Stored data
+ + + + + + +

lemma ball_average_abs_diff_le_mean_osc:
  assumes [measurable]: "u \<in> borel_measurable nu" and e: "\<epsilon> > 0"
  shows "(1 / emeasure nu (ball x \<epsilon>)) * (\<integral>\<^sup>+y\<in>ball x \<epsilon>. ennreal \<bar>u y - u x\<bar> \<partial>nu)
    \<le> ennreal (C^2) * (ennreal (1 / vol x \<epsilon>) * (\<integral>\<^sup>+y\<in>ball x \<epsilon>. mean_osc u (2 * \<epsilon>) y \<partial>nu))
      + ennreal C * mean_osc u (2 * \<epsilon>) x"
proof -
  let ?G = "mean_osc u (2 * \<epsilon>)"
  have "(\<integral>\<^sup>+y\<in>ball x \<epsilon>. ennreal \<bar>u y - u x\<bar> \<partial>nu)
      \<le> (\<integral>\<^sup>+y\<in>ball x \<epsilon>. (ennreal (C^2) * ?G y + ennreal C * ?G x) \<partial>nu)"
    by (intro nn_integral_mono) (auto simp: abs_diff_le_mean_osc[OF _ e] split: split_indicator)
  also have "\<dots> = ennreal (C^2) * (\<integral>\<^sup>+y\<in>ball x \<epsilon>. ?G y \<partial>nu) + ennreal C * ?G x * ennreal (vol x \<epsilon>)"
    by (simp add: nn_set_integral_add nn_integral_cmult nn_integral_cmult_indicator emeasure_ball_eq_vol
        mult.assoc)
  finally have "(1 / emeasure nu (ball x \<epsilon>)) * (\<integral>\<^sup>+y\<in>ball x \<epsilon>. ennreal \<bar>u y - u x\<bar> \<partial>nu)
      \<le> ennreal (1 / vol x \<epsilon>) * (ennreal (C^2) * (\<integral>\<^sup>+y\<in>ball x \<epsilon>. ?G y \<partial>nu)
        + ennreal C * ?G x * ennreal (vol x \<epsilon>))"
    unfolding one_div_emeasure_ball[OF e] by (rule mult_left_mono) simp
  also have "\<dots> = ennreal (C^2) * (ennreal (1 / vol x \<epsilon>) * (\<integral>\<^sup>+y\<in>ball x \<epsilon>. ?G y \<partial>nu))
      + ennreal C * ?G x * (ennreal (1 / vol x \<epsilon>) * ennreal (vol x \<epsilon>))"
    by (simp add: distrib_left mult_ac)
  also have "ennreal (1 / vol x \<epsilon>) * ennreal (vol x \<epsilon>) = 1"
    using vol_pos[OF e, of x] by (simp flip: ennreal_mult)
  finally show ?thesis by simp
qed

lemma nl_energy_le_mean_osc:
  assumes [measurable]: "u \<in> borel_measurable nu" and e: "\<epsilon> > 0"
  shows "nl_energy nu \<epsilon> u \<le> ennreal (C^3 + C) * (\<integral>\<^sup>+y. mean_osc u (2 * \<epsilon>) y \<partial>nu)"
proof -
  let ?G = "mean_osc u (2 * \<epsilon>)"
  have "nl_energy nu \<epsilon> u
      \<le> (\<integral>\<^sup>+x. ennreal (C^2) * (ennreal (1 / vol x \<epsilon>) * (\<integral>\<^sup>+y\<in>ball x \<epsilon>. ?G y \<partial>nu)) + ennreal C * ?G x \<partial>nu)"
    unfolding nl_energy_def by (intro nn_integral_mono ball_average_abs_diff_le_mean_osc e) measurable
  also have "\<dots> = ennreal (C^2) * (\<integral>\<^sup>+x. ennreal (1 / vol x \<epsilon>) * (\<integral>\<^sup>+y\<in>ball x \<epsilon>. ?G y \<partial>nu) \<partial>nu)
      + ennreal C * integral\<^sup>N nu ?G"
    by (simp add: nn_integral_add nn_integral_cmult)
  also have "\<dots> \<le> ennreal (C^2) * (ennreal (C^1) * integral\<^sup>N nu ?G) + ennreal C * integral\<^sup>N nu ?G"
    by (intro add_mono mult_left_mono nn_integral_ball_average_le[OF e]) simp_all
  also have "\<dots> = (ennreal (C^2) * ennreal C + ennreal C) * integral\<^sup>N nu ?G"
    by (simp add: distrib_right mult.assoc)
  also have "ennreal (C^2) * ennreal C + ennreal C = ennreal (C^3 + C)"
    using doubling_const by (simp add: ennreal_mult[symmetric] power3_eq_cube power2_eq_square)
  finally show ?thesis .
qed
lemma moment_reflect:
  assumes bin: "set z \<subseteq> {0, 1}" and "a \<le> b" "b \<le> length z"
    and "height z a = 0" "height z b = 0"
  shows "(\<Sum>i<length z. int (Suc i) * int (reflect a b z ! i))
           = (\<Sum>i<length z. int (Suc i) * int (z ! i)) + (\<Sum>i\<in>{a..<b}. height z i)"
proof -
  let ?d = "\<lambda>i. if i \<in> {a..<b} then - (int (Suc i) * path_step z i) else 0"
  have pointwise: "int (Suc i) * int (reflect a b z ! i) = int (Suc i) * int (z ! i) + ?d i"
    if "i < length z" for i
    using nth_binary[OF bin that] that by (auto simp: nth_reflect path_step_def algebra_simps)
  have "(\<Sum>i<length z. ?d i) = (\<Sum>i\<in>{..<length z} \<inter> {a..<b}. - (int (Suc i) * path_step z i))"
    by (rule sum.inter_restrict[symmetric]) simp
  also have "{..<length z} \<inter> {a..<b} = {a..<b}"
    using assms(3) by auto
  also have "(\<Sum>i\<in>{a..<b}. - (int (Suc i) * path_step z i)) = (\<Sum>i\<in>{a..<b}. height z i)"
    using moment_by_parts[OF assms(2), of z] assms(4,5) by (simp add: sum_negf)
  finally show ?thesis
    using pointwise by (simp add: sum.distrib)
qed

lemma Aval_moment:
  "Aval n z = (\<Sum>i<2 * n. int (Suc i) * int (z ! i)) - int (n * (n + 1) div 2)"
  by (simp add: Aval_def sum.atLeast1_atMost_eq)

section \<open>The excursion flip\<close>

definition last_zero :: "nat \<Rightarrow> nat list \<Rightarrow> nat" where
  "last_zero p z = Max {k. k \<le> p \<and> height z k = 0}"

definition next_zero :: "nat \<Rightarrow> nat list \<Rightarrow> nat" where
  "next_zero p z = Min {k. p < k \<and> k \<le> length z \<and> height z k = 0}"

definition excursion_flip :: "nat \<Rightarrow> nat list \<Rightarrow> nat list" where
  "excursion_flip p z = reflect (last_zero p z) (next_zero p z) z"

definition not_above :: "nat \<Rightarrow> nat list \<Rightarrow> bool" where
  "not_above p y = (height y p + int (y ! p) \<le> 0)"

locale excursion =
  fixes p :: nat and z :: "nat list"
  assumes binary: "set z \<subseteq> {0, 1}"
    and returns: "height z (length z) = 0"
    and p_less: "p < length z"
begin

abbreviation "t0 \<equiv> last_zero p z"
abbreviation "t1 \<equiv> next_zero p z"
abbreviation "z' \<equiv> excursion_flip p z"

lemma t0_props: "t0 \<le> p" "height z t0 = 0" "\<And>k. t0 < k \<Longrightarrow> k \<le> p \<Longrightarrow> height z k \<noteq> 0"
proof -
  let ?S = "{k. k \<le> p \<and> height z k = 0}"
  have fin: "finite ?S" by (rule finite_subset[of _ "{..p}"]) auto
  have "t0 \<in> ?S" unfolding last_zero_def using fin by (intro Max_in) auto
  then show "t0 \<le> p" "height z t0 = 0" by auto
  show "\<And>k. t0 < k \<Longrightarrow> k \<le> p \<Longrightarrow> height z k \<noteq> 0"
    using Max_ge[OF fin] unfolding last_zero_def by fastforce
qed

text \<open>t1 is a zero of the height after p (it exists since the path returns to 0),
  and the first one.\<close>
lemma t1_props: "p < t1" "t1 \<le> length z" "height z t1 = 0"
  "\<And>k. p < k \<Longrightarrow> k < t1 \<Longrightarrow> height z k \<noteq> 0"
proof -
  let ?S = "{k. p < k \<and> k \<le> length z \<and> height z k = 0}"
  have fin: "finite ?S" by (rule finite_subset[of _ "{..length z}"]) auto
  have "t1 \<in> ?S" unfolding next_zero_def using fin p_less returns by (intro Min_in) auto
  then show "p < t1" "t1 \<le> length z" "height z t1 = 0" by auto
  then show "\<And>k. p < k \<Longrightarrow> k < t1 \<Longrightarrow> height z k \<noteq> 0"
    using Min_le[OF fin] unfolding next_zero_def by fastforce
qed

lemma height_nonzero_inside: "t0 < k \<Longrightarrow> k < t1 \<Longrightarrow> height z k \<noteq> 0"
  using t0_props(3) t1_props(4) by (cases "k \<le> p") auto

lemma height_flip:
  "k \<le> length z \<Longrightarrow> height z' k = (if t0 \<le> k \<and> k \<le> t1 then - height z k else height z k)"
  unfolding excursion_flip_def
  using height_reflect_between_zeros[OF binary] t0_props t1_props by simp

text \<open>The flip does not move the zeros of the height, hence not the excursion.\<close>
lemma same_excursion: "last_zero p z' = t0" "next_zero p z' = t1"
proof -
  have zeros: "k \<le> length z \<Longrightarrow> height z' k = 0 \<longleftrightarrow> height z k = 0" for k
    using height_flip by simp
  then have "{k. k \<le> p \<and> height z' k = 0} = {k. k \<le> p \<and> height z k = 0}"
    using p_less by auto
  then show "last_zero p z' = t0" by (simp add: last_zero_def)
  have "{k. p < k \<and> k \<le> length z' \<and> height z' k = 0} = {k. p < k \<and> k \<le> length z \<and> height z k = 0}"
    using zeros by (auto simp: excursion_flip_def)
  then show "next_zero p z' = t1" by (simp add: next_zero_def)
qed

lemma flip_flip: "excursion_flip p z' = z"
  using same_excursion reflect_reflect[OF binary] by (simp add: excursion_flip_def)

lemma flip_returns: "height z' (length z') = 0"
  using height_flip[of "length z"] returns by (simp add: excursion_flip_def)

lemma flip_binary: "set z' \<subseteq> {0, 1}"
  unfolding excursion_flip_def by (rule reflect_binary[OF binary])

lemma length_flip: "length z' = length z"
  by (simp add: excursion_flip_def)

lemma flip_not_above: "\<not> not_above p z \<Longrightarrow> not_above p z'"
  using height_flip[of p] p_less t0_props(1) t1_props(1) nth_binary[OF binary p_less]
  by (auto simp: not_above_def excursion_flip_def nth_reflect)

lemma excursion_positive:
  assumes "\<not> not_above p z"
  shows "t0 < k \<Longrightarrow> k < t1 \<Longrightarrow> height z k > 0"
proof -
  have unit_steps: "\<And>k. t0 \<le> k \<Longrightarrow> k < t1 \<Longrightarrow> \<bar>height z (Suc k) - height z k\<bar> \<le> 1"
    using height_step_bound[OF binary] t1_props(2) by simp
  have zp: "z ! p = 0 \<or> z ! p = 1" using nth_binary[OF binary p_less] .
  have start: "height z (Suc t0) > 0"
  proof (cases "t0 = p")
    case True
    then show ?thesis using assms zp t0_props(2) by (auto simp: not_above_def height_Suc path_step_def)
  next
    case False
    then have "t0 < p" using t0_props(1) by simp
    then have "height z p > 0"
      using assms zp t0_props(3)[of p] by (auto simp: not_above_def)
    show ?thesis
    proof (rule ccontr)
      assume "\<not> height z (Suc t0) > 0"
      moreover have "height z (Suc t0) \<noteq> 0"
        using height_nonzero_inside \<open>t0 < p\<close> t1_props(1) by simp
      ultimately have "(\<lambda>k. - height z k) (Suc t0) > 0" by simp
      then have "(\<lambda>k. - height z k) p > 0"
        using positive_on_interval[of t0 t1 "\<lambda>k. - height z k" p] unit_steps
          height_nonzero_inside \<open>t0 < p\<close> t1_props(1) by fastforce
      with \<open>height z p > 0\<close> show False by simp
    qed
  qed
  show "t0 < k \<Longrightarrow> k < t1 \<Longrightarrow> height z k > 0"
    using positive_on_interval[of t0 t1 "height z" k] unit_steps height_nonzero_inside start
    by blast
qed

lemma moment_flip_mono:
  assumes "\<not> not_above p z"
  shows "(\<Sum>i<length z. int (Suc i) * int (z ! i)) \<le> (\<Sum>i<length z. int (Suc i) * int (z' ! i))"
proof -
  have "(\<Sum>i\<in>{t0..<t1}. height z i) \<ge> 0"
    using excursion_positive[OF assms] t0_props(2)
    by (intro sum_nonneg) (fastforce simp: le_less)
  then show ?thesis
    unfolding excursion_flip_def
    using moment_reflect[OF binary _ t1_props(2) t0_props(2) t1_props(3)] t0_props(1) t1_props(1)
    by simp
qed

end

lemma card_shift:
  fixes m :: nat
  shows "card {k \<in> {1..m}. Q (k - 1)} = card {i. i < m \<and> Q i}"
proof -
  have "{k \<in> {1..m}. Q (k - 1)} = Suc ` {i. i < m \<and> Q i}"
  proof (rule set_eqI)
    fix k show "k \<in> {k \<in> {1..m}. Q (k - 1)} \<longleftrightarrow> k \<in> Suc ` {i. i < m \<and> Q i}"
      by (cases k) auto
  qed
  then show ?thesis by (simp add: card_image)
qed

lemma card_ones_zeros:
  assumes "set z \<subseteq> {0, 1}" "m \<le> length z"
  shows "int (card {i. i < m \<and> z ! i = 1}) = (\<Sum>i<m. int (z ! i))
     \<and> int (card {i. i < m \<and> z ! i = 0}) = int m - (\<Sum>i<m. int (z ! i))"
  using assms(2)
proof (induction m)
  case (Suc m)
  have prefix: "{i. i < Suc m \<and> z ! i = c} =
      (if z ! m = c then insert m {i. i < m \<and> z ! i = c} else {i. i < m \<and> z ! i = c})" for c
    by (auto simp: less_Suc_eq)
  from Suc nth_binary[OF assms(1), of m] show ?case
    by (auto simp: prefix card_insert_if)
qed simp

lemma event_iff_not_above:
  assumes "z \<in> balanced_strings n" "w \<in> {1..2 * n}"
  shows "(card {k \<in> {1..w}. z ! (k - 1) = 1} \<le> card {k \<in> {1..w - 1}. z ! (k - 1) = 0})
     \<longleftrightarrow> not_above (w - 1) z"
proof -
  have bin: "set z \<subseteq> {0, 1}" and len: "length z = 2 * n"
    using assms(1) by (auto simp: balanced_strings_def)
  have w: "w = Suc (w - 1)" using assms(2) by simp
  have ones: "int (card {k \<in> {1..w}. z ! (k - 1) = 1}) = (\<Sum>i<w. int (z ! i))"
    using card_ones_zeros[OF bin, of w] assms(2) len card_shift[of w "\<lambda>i. z ! i = 1"] by simp
  have zeros: "int (card {k \<in> {1..w - 1}. z ! (k - 1) = 0}) = int (w - 1) - (\<Sum>i<w - 1. int (z ! i))"
    using card_ones_zeros[OF bin, of "w - 1"] assms(2) len card_shift[of "w - 1" "\<lambda>i. z ! i = 0"]
    by (auto simp: of_nat_diff)
  have "(\<Sum>i<w. int (z ! i)) = (\<Sum>i<w - 1. int (z ! i)) + int (z ! (w - 1))"
    by (subst w) simp
  moreover have "not_above (w - 1) z
      \<longleftrightarrow> 2 * (\<Sum>i<w - 1. int (z ! i)) - int (w - 1) + int (z ! (w - 1)) \<le> 0"
    by (simp add: not_above_def height_eq_ones)
  ultimately show ?thesis
    using ones zeros by (smt (verit) of_nat_le_iff)
qed

lemma half_weight_by_injection:
  fixes W :: "'a \<Rightarrow> real"
  assumes "finite B" "\<And>x. x \<in> B \<Longrightarrow> 0 \<le> W x" "0 < sum W B"
    and inj: "inj_on f {x \<in> B. \<not> P x}"
    and into: "\<And>x. x \<in> B \<Longrightarrow> \<not> P x \<Longrightarrow> f x \<in> B \<and> P (f x) \<and> W x \<le> W (f x)"
  shows "1 / 2 \<le> sum W {x \<in> B. P x} / sum W B"
proof -
  let ?E = "{x \<in> B. P x}" and ?C = "{x \<in> B. \<not> P x}"
  have "sum W ?C \<le> sum (W \<circ> f) ?C"
    using into by (intro sum_mono) auto
  also have "\<dots> = sum W (f ` ?C)"
    using sum.reindex[OF inj, of W] by simp
  also have "\<dots> \<le> sum W ?E"
    using into assms(1,2) by (intro sum_mono2) auto
  finally have "sum W ?C \<le> sum W ?E" .
  moreover have "sum W B = sum W ?E + sum W ?C"
  proof -
    have "B = ?E \<union> ?C" "?E \<inter> ?C = {}" by auto
    then show ?thesis
      using assms(1) sum.union_disjoint[of ?E ?C W] by simp
  qed
  ultimately show ?thesis
    using assms(3) by (simp add: field_simps)
qed

lemma balanced_strings_finite: "finite (balanced_strings n)"
proof (rule finite_subset)
  show "balanced_strings n \<subseteq> {xs. set xs \<subseteq> {0, 1} \<and> length xs = 2 * n}"
    by (auto simp: balanced_strings_def)
qed (rule finite_lists_length_eq, simp)

lemma minimal_string_balanced: "replicate n 0 @ replicate n 1 \<in> balanced_strings n"
  by (auto simp: balanced_strings_def sum_list_replicate)
(* Let $A=C(X)$ be the commutative unital C*-algebra of continuous functions on a compact Hausdorff space $X$. For any finitely generated Hilbert $A$-module $\mathcal H$ and any standard normalized tight frame $\{y_j : j\in\mathbb J\}$ of $\mathcal H$, the sum $\sum_j\langle y_j,y_j\rangle$ (converging weakly, i.e. in the weak* topology of the bidual $A^{**}$) is a continuous function on $X$ taking constant non-negative integer values on closed-open subsets of $X$. This limit does not depend on the choice of the standard normalized tight frame of $\mathcal H$.
   Context: A (left) Hilbert $A$-module is a left $A$-module $\mathcal H$ with an $A$-valued inner product $\langle\cdot,\cdot\rangle$, $A$-linear in the first argument, with $\langle x,y\rangle=\langle y,x\rangle^*$, $\langle x,x\rangle\ge0$ and $=0$ only for $x=0$, complete in $\|x\|=\|\langle x,x\rangle\|^{1/2}$. It is finitely generated if every element is an $A$-linear combination of finitely many fixed elements. A sequence $\{y_j:j\in\mathbb J\}$ ($\mathbb J$ finite or countable) is a normalized tight frame if $\langle x,x\rangle=\sum_j\langle x,y_j\rangle\langle y_j,x\rangle$ for all $x\in\mathcal H$, and standard if this series converges in norm for every $x$. *)

theory Defs
  imports "HOL-Analysis.Analysis"
begin
theorem proposition4p7:
  fixes z :: "real^'p::finite \<Rightarrow> real^'v::finite"
    and zold A :: "real^'v" and \<beta> :: real and \<theta> :: "real^'p"
  assumes diff: "\<And>t. z differentiable (at t)"
    and beta_pos: "\<beta> > 0"
  defines "zs \<equiv> zstar zold A \<beta>"
  shows "norm (gradient (\<lambda>t. lco_mse zs (z t)) \<theta>)
           \<le> 2 / real CARD('v) * sigma_max z \<theta> * sqrt (real CARD('v) * lco_mse zs (z \<theta>))
         \<and> norm (gradient (\<lambda>t. lco_lch zs (z t)) \<theta>)
           \<le> 1 / real CARD('v) * sigma_max z \<theta>
               * sqrt (real CARD('v) * (1 - exp (- 2 * lco_lch zs (z \<theta>))))
         \<and> norm (gradient (\<lambda>t. lco_kld zs (z t)) \<theta>)
           \<le> sigma_max z \<theta> * sqrt (2 * lco_kld zs (z \<theta>))"
proof -
  have mse: "norm (gradient (\<lambda>t. lco_mse zs (z t)) \<theta>)
      \<le> sigma_max z \<theta> * (2 / real CARD('v) * sqrt (real CARD('v) * lco_mse zs (z \<theta>)))"
    by (rule norm_gradient_comp_le[OF diff has_derivative_lco_mse
          norm_lco_mse_gradient[THEN eq_refl]])
  have lch: "norm (gradient (\<lambda>t. lco_lch zs (z t)) \<theta>)
      \<le> sigma_max z \<theta> * (1 / real CARD('v)
           * sqrt (real CARD('v) * (1 - exp (- 2 * lco_lch zs (z \<theta>)))))"
    by (rule norm_gradient_comp_le[OF diff has_derivative_lco_lch norm_lco_lch_gradient_le])
  have kld: "norm (gradient (\<lambda>t. lco_kld zs (z t)) \<theta>)
      \<le> sigma_max z \<theta> * sqrt (2 * lco_kld zs (z \<theta>))"
    by (rule norm_gradient_comp_le[OF diff has_derivative_lco_kld norm_lco_kld_gradient_le])
  from mse lch kld show ?thesis by (simp only: mult_ac)
qed

end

+ + + + + + +

What is being asked
From the records above, transcribe without alteration every line from the one with "unfolding excursion_flip_def by" to the one with "t0_props(1) by simp", inclusive.

Task response
  unfolding excursion_flip_def by (rule reflect_binary[OF binary])

lemma length_flip: "length z' = length z"
  by (simp add: excursion_flip_def)

lemma flip_not_above: "\<not> not_above p z \<Longrightarrow> not_above p z'"
  using height_flip[of p] p_less t0_props(1) t1_props(1) nth_binary[OF binary p_less]
  by (auto simp: not_above_def excursion_flip_def nth_reflect)

lemma excursion_positive:
  assumes "\<not> not_above p z"
  shows "t0 < k \<Longrightarrow> k < t1 \<Longrightarrow> height z k > 0"
proof -
  have unit_steps: "\<And>k. t0 \<le> k \<Longrightarrow> k < t1 \<Longrightarrow> \<bar>height z (Suc k) - height z k\<bar> \<le> 1"
    using height_step_bound[OF binary] t1_props(2) by simp
  have zp: "z ! p = 0 \<or> z ! p = 1" using nth_binary[OF binary p_less] .
  have start: "height z (Suc t0) > 0"
  proof (cases "t0 = p")
    case True
    then show ?thesis using assms zp t0_props(2) by (auto simp: not_above_def height_Suc path_step_def)
  next
    case False
    then have "t0 < p" using t0_props(1) by simp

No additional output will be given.